═════ Available data
lemma fctrl_lipschitz_on_cball:
  obtains L M where "0 \<le> L" "0 \<le> M"
    "\<And>w w' x y. (\<And>i. \<bar>w $ i\<bar> \<le> 1) \<Longrightarrow> norm x \<le> R \<Longrightarrow> norm y \<le> R \<Longrightarrow>
      norm (fctrl f0 f \<theta> w x - fctrl f0 f \<theta> w' y) \<le> L * norm (x - y) + M * norm (w - w')"
proof -
  obtain L where L0: "L-lipschitz_on (cball 0 R) (f0 \<theta>)" and L: "\<And>i. L-lipschitz_on (cball 0 R) (f i \<theta>)"
    using fields_lipschitz_on_cball by blast
  obtain M where M: "0 \<le> M" "\<And>x. norm x \<le> R \<Longrightarrow> norm (f0 \<theta> x) \<le> M \<and> (\<forall>i. norm (f i \<theta> x) \<le> M)"
    using fields_bounded_on_cball by blast
  have "norm (fctrl f0 f \<theta> w x - fctrl f0 f \<theta> w' y)
        \<le> (1 + real CARD('m)) * L * norm (x - y) + real CARD('m) * M * norm (w - w')"
    if w: "\<And>i. \<bar>w $ i\<bar> \<le> 1" and x: "norm x \<le> R" and y: "norm y \<le> R" for w w' :: "real^'m" and x y
  proof -
    have f_diff: "norm (f i \<theta> x - f i \<theta> y) \<le> L * norm (x - y)" for i
      using lipschitz_onD[OF L[of i], of x y] x y by (simp add: dist_norm)
    have "fctrl f0 f \<theta> w x - fctrl f0 f \<theta> w' y = (f0 \<theta> x - f0 \<theta> y)
        + (\<Sum>i\<in>UNIV. (w $ i) *\<^sub>R (f i \<theta> x - f i \<theta> y)) + (\<Sum>i\<in>UNIV. (w $ i - w' $ i) *\<^sub>R f i \<theta> y)"
      unfolding fctrl_def by (simp add: algebra_simps sum.distrib sum_subtractf)
    also have "norm \<dots> \<le> L * norm (x - y) + (\<Sum>i\<in>(UNIV::'m set). L * norm (x - y))
        + (\<Sum>i\<in>(UNIV::'m set). M * norm (w - w'))"
    proof (intro order_trans[OF norm_triangle_ineq] add_mono order_trans[OF norm_sum] sum_mono)
      show "norm (f0 \<theta> x - f0 \<theta> y) \<le> L * norm (x - y)"
        using lipschitz_onD[OF L0, of x y] x y by (simp add: dist_norm)
      show "norm ((w $ i) *\<^sub>R (f i \<theta> x - f i \<theta> y)) \<le> L * norm (x - y)" for i
        using w[of i] f_diff[of i] mult_mono[of "\<bar>w $ i\<bar>" 1 "norm (f i \<theta> x - f i \<theta> y)"] by simp
      show "norm ((w $ i - w' $ i) *\<^sub>R f i \<theta> y) \<le> M * norm (w - w')" for i
        using M(2)[OF y] component_le_norm_cart[of "w - w'" i]
          mult_mono[of "\<bar>(w - w') $ i\<bar>" "norm (w - w')" "norm (f i \<theta> y)" M]
        by (simp add: mult.commute)
    qed
    finally show ?thesis by (simp add: algebra_simps)
  qed
  then show thesis
    using M(1) lipschitz_on_nonneg[OF L0] by (intro that[of "(1 + real CARD('m)) * L" "real CARD('m) * M"]) auto
qed

lemma trajectory_stability:
  "\<exists>C\<ge>0. \<forall>u v x y. u \<in> Uad T \<longrightarrow> v \<in> Uad T \<longrightarrow>
      is_trajectory T f0 f u \<theta> x \<longrightarrow> is_trajectory T f0 f v \<theta> y \<longrightarrow>
      (\<forall>s\<in>{0..T}. norm (x s) \<le> R \<and> norm (y s) \<le> R) \<longrightarrow>
      (\<forall>t\<in>{0..T}. norm (x t - y t) \<le> C * integral {0..T} (\<lambda>s. norm (u s - v s)))"
proof -
  obtain L M where LM: "0 \<le> L" "0 \<le> M" and
    fctrl_diff: "\<And>w w' x y. (\<And>i. \<bar>w $ i\<bar> \<le> 1) \<Longrightarrow> norm x \<le> R \<Longrightarrow> norm y \<le> R \<Longrightarrow>
      norm (fctrl f0 f \<theta> w x - fctrl f0 f \<theta> w' y) \<le> L * norm (x - y) + M * norm (w - w')"
    using fctrl_lipschitz_on_cball by blast
  have "norm (x t - y t) \<le> exp (L * T) * M * integral {0..T} (\<lambda>s. norm (u s - v s))"
    if u: "u \<in> Uad T" and v: "v \<in> Uad T" and x: "is_trajectory T f0 f u \<theta> x" and y: "is_trajectory T f0 f v \<theta> y"
      and R: "\<And>s. s \<in> {0..T} \<Longrightarrow> norm (x s) \<le> R \<and> norm (y s) \<le> R" and t: "t \<in> {0..T}" for u v x y t
  proof -
    have "norm (x t - y t) \<le> exp (L * T) * integral {0..T} (\<lambda>s. M * norm (u s - v s))"
    proof (rule integral_equation_stability[OF _ _ _ _ _ _ LM(1) _ t])
      show "(\<lambda>s. M * norm (u s - v s)) integrable_on {0..T}"
        using Uad_norm_diff_integrable[OF u v] by (simp add: integrable_on_cmult_left[where 'b=real, simplified])
      show "norm (fctrl f0 f \<theta> (u s) (x s) - fctrl f0 f \<theta> (v s) (y s)) \<le> L * norm (x s - y s) + M * norm (u s - v s)"
        if "s \<in> {0..T}" for s
        using u that R[OF that] by (intro fctrl_diff) (auto simp: Uad_def)
    qed (use x y LM(2) in \<open>auto simp: is_trajectory_def\<close>)
    then show ?thesis by simp
  qed
  then show ?thesis using LM by (intro exI[of _ "exp (L * T) * M"]) auto
qed

lemma is_trajectory_bounded:
  assumes "is_trajectory T f0 f u \<theta> x"
  obtains R where "\<And>t. t \<in> {0..T} \<Longrightarrow> norm (x t) \<le> R"
proof -
  have "bounded (x ` {0..T})"
    using assms by (intro compact_imp_bounded compact_continuous_image) (auto simp: is_trajectory_def)
  then show thesis using that by (meson bounded_iff imageI)
qed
══════════
## About this exercise
All of the material must be given again, exactly as it appears above.

## Response box
lemma fctrl_lipschitz_on_cball:
  obtains L M where "0 \<le> L" "0 \<le> M"
    "\<And>w w' x y. (\<And>i. \<bar>w $ i\<bar> \<le> 1) \<Longrightarrow> norm x \<le> R \<Longrightarrow> norm y \<le> R \<Longrightarrow>
      norm (fctrl f0 f \<theta> w x - fctrl f0 f \<theta> w' y) \<le> L * norm (x - y) + M * norm (w - w')"
proof -
  obtain L where L0: "L-lipschitz_on (cball 0 R) (f0 \<theta>)" and L: "\<And>i. L-lipschitz_on (cball 0 R) (f i \<theta>)"
    using fields_lipschitz_on_cball by blast
  obtain M where M: "0 \<le> M" "\<And>x. norm x \<le> R \<Longrightarrow> norm (f0 \<theta> x) \<le> M \<and> (\<forall>i. norm (f i \<theta> x) \<le> M)"
    using fields_bounded_on_cball by blast
  have "norm (fctrl f0 f \<theta> w x - fctrl f0 f \<theta> w' y)
        \<le> (1 + real CARD('m)) * L * norm (x - y) + real CARD('m) * M * norm (w - w')"
    if w: "\<And>i. \<bar>w $ i\<bar> \<le> 1" and x: "norm x \<le> R" and y: "norm y \<le> R" for w w' :: "real^'m" and x y
  proof -
    have f_diff: "norm (f i \<theta> x - f i \<theta> y) \<le> L * norm (x - y)" for i
      using lipschitz_onD[OF L[of i], of x y] x y by (simp add: dist_norm)
    have "fctrl f0 f \<theta> w x - fctrl f0 f \<theta> w' y = (f0 \<theta> x - f0 \<theta> y)
        + (\<Sum>i\<in>UNIV. (w $ i) *\<^sub>R (f i \<theta> x - f i \<theta> y)) + (\<Sum>i\<in>UNIV. (w $ i - w' $ i) *\<^sub>R f i \<theta> y)"
      unfolding fctrl_def by (simp add: algebra_simps sum.distrib sum_subtractf)
    also have "norm \<dots> \<le> L * norm (x - y) + (\<Sum>i\<in>(UNIV::'m set). L * norm (x - y))
        + (\<Sum>i\<in>(UNIV::'m set). M * norm (w - w'))"
    proof (intro order_trans[OF norm_triangle_ineq] add_mono order_trans[OF norm_sum] sum_mono)
      show "norm (f0 \<theta> x - f0 \<theta> y) \<le> L * norm (x - y)"
        using lipschitz_onD[OF L0, of x y] x y by (simp add: dist_norm)
      show "norm ((w $ i) *\<^sub>R (f i \<theta> x - f i \<theta> y)) \<le> L * norm (x - y)" for i
        using w[of i] f_diff[of i] mult_mono[of "\<bar>w $ i\<bar>" 1 "norm (f i \<theta> x - f i \<theta> y)"] by simp
      show "norm ((w $ i - w' $ i) *\<^sub>R f i \<theta> y) \<le> M * norm (w - w')" for i
        using M(2)[OF y] component_le_norm_cart[of "w - w'" i]
          mult_mono[of "\<bar>(w - w') $ i\<bar>" "norm (w - w')" "norm (f i \<theta> y)" M]
        by (simp add: mult.commute)
    qed
    finally show ?thesis by (simp add: algebra_simps)
  qed
  then show thesis
    using M(1) lipschitz_on_nonneg[OF L0] by (intro that[of "(1 + real CARD('m)) * L" "real CARD('m) * M"]) auto
qed

lemma trajectory_stability:
  "\<exists>C\<ge>0. \<forall>u v x y. u \<in> Uad T \<longrightarrow> v \<in> Uad T \<longrightarrow>
      is_trajectory T f0 f u \<theta> x \<longrightarrow> is_trajectory T f0 f v \<theta> y \<longrightarrow>
      (\<forall>s\<in>{0..T}. norm (x s) \<le> R \<and> norm (y s) \<le> R) \<longrightarrow>
      (\<forall>t\<in>{0..T}. norm (x t - y t) \<le> C * integral {0..T} (\<lambda>s. norm (u s - v s)))"
proof -
  obtain L M where LM: "0 \<le> L" "0 \<le> M" and
    fctrl_diff: "\<And>w w' x y. (\<And>i. \<bar>w $ i\<bar> \<le> 1) \<Longrightarrow> norm x \<le> R \<Longrightarrow> norm y \<le> R \<Longrightarrow>
      norm (fctrl f0 f \<theta> w x - fctrl f0 f \<theta> w' y) \<le> L * norm (x - y) + M * norm (w - w')"
    using fctrl_lipschitz_on_cball by blast
  have "norm (x t - y t) \<le> exp (L * T) * M * integral {0..T} (\<lambda>s. norm (u s - v s))"
    if u: "u \<in> Uad T" and v: "v \<in> Uad T" and x: "is_trajectory T f0 f u \<theta> x" and y: "is_trajectory T f0 f v \<theta> y"
      and R: "\<And>s. s \<in> {0..T} \<Longrightarrow> norm (x s) \<le> R \<and> norm (y s) \<le> R" and t: "t \<in> {0..T}" for u v x y t
  proof -
    have "norm (x t - y t) \<le> exp (L * T) * integral {0..T} (\<lambda>s. M * norm (u s - v s))"
    proof (rule integral_equation_stability[OF _ _ _ _ _ _ LM(1) _ t])
      show "(\<lambda>s. M * norm (u s - v s)) integrable_on {0..T}"
        using Uad_norm_diff_integrable[OF u v] by (simp add: integrable_on_cmult_left[where 'b=real, simplified])
      show "norm (fctrl f0 f \<theta> (u s) (x s) - fctrl f0 f \<theta> (v s) (y s)) \<le> L * norm (x s - y s) + M * norm (u s - v s)"
        if "s \<in> {0..T}" for s
        using u that R[OF that] by (intro fctrl_diff) (auto simp: Uad_def)
    qed (use x y LM(2) in \<open>auto simp: is_trajectory_def\<close>)
    then show ?thesis by simp
  qed
  then show ?thesis using LM by (intro exI[of _ "exp (L * T) * M"]) auto
qed

lemma is_trajectory_bounded:
  assumes "is_trajectory T f0 f u \<theta> x"
  obtains R where "\<And>t. t \<in> {0..T} \<Longrightarrow> norm (x t) \<le> R"
proof -
  have "bounded (x ` {0..T})"
    using assms by (intro compact_imp_bounded compact_continuous_image) (auto simp: is_trajectory_def)
  then show thesis using that by (meson bounded_iff imageI)
qed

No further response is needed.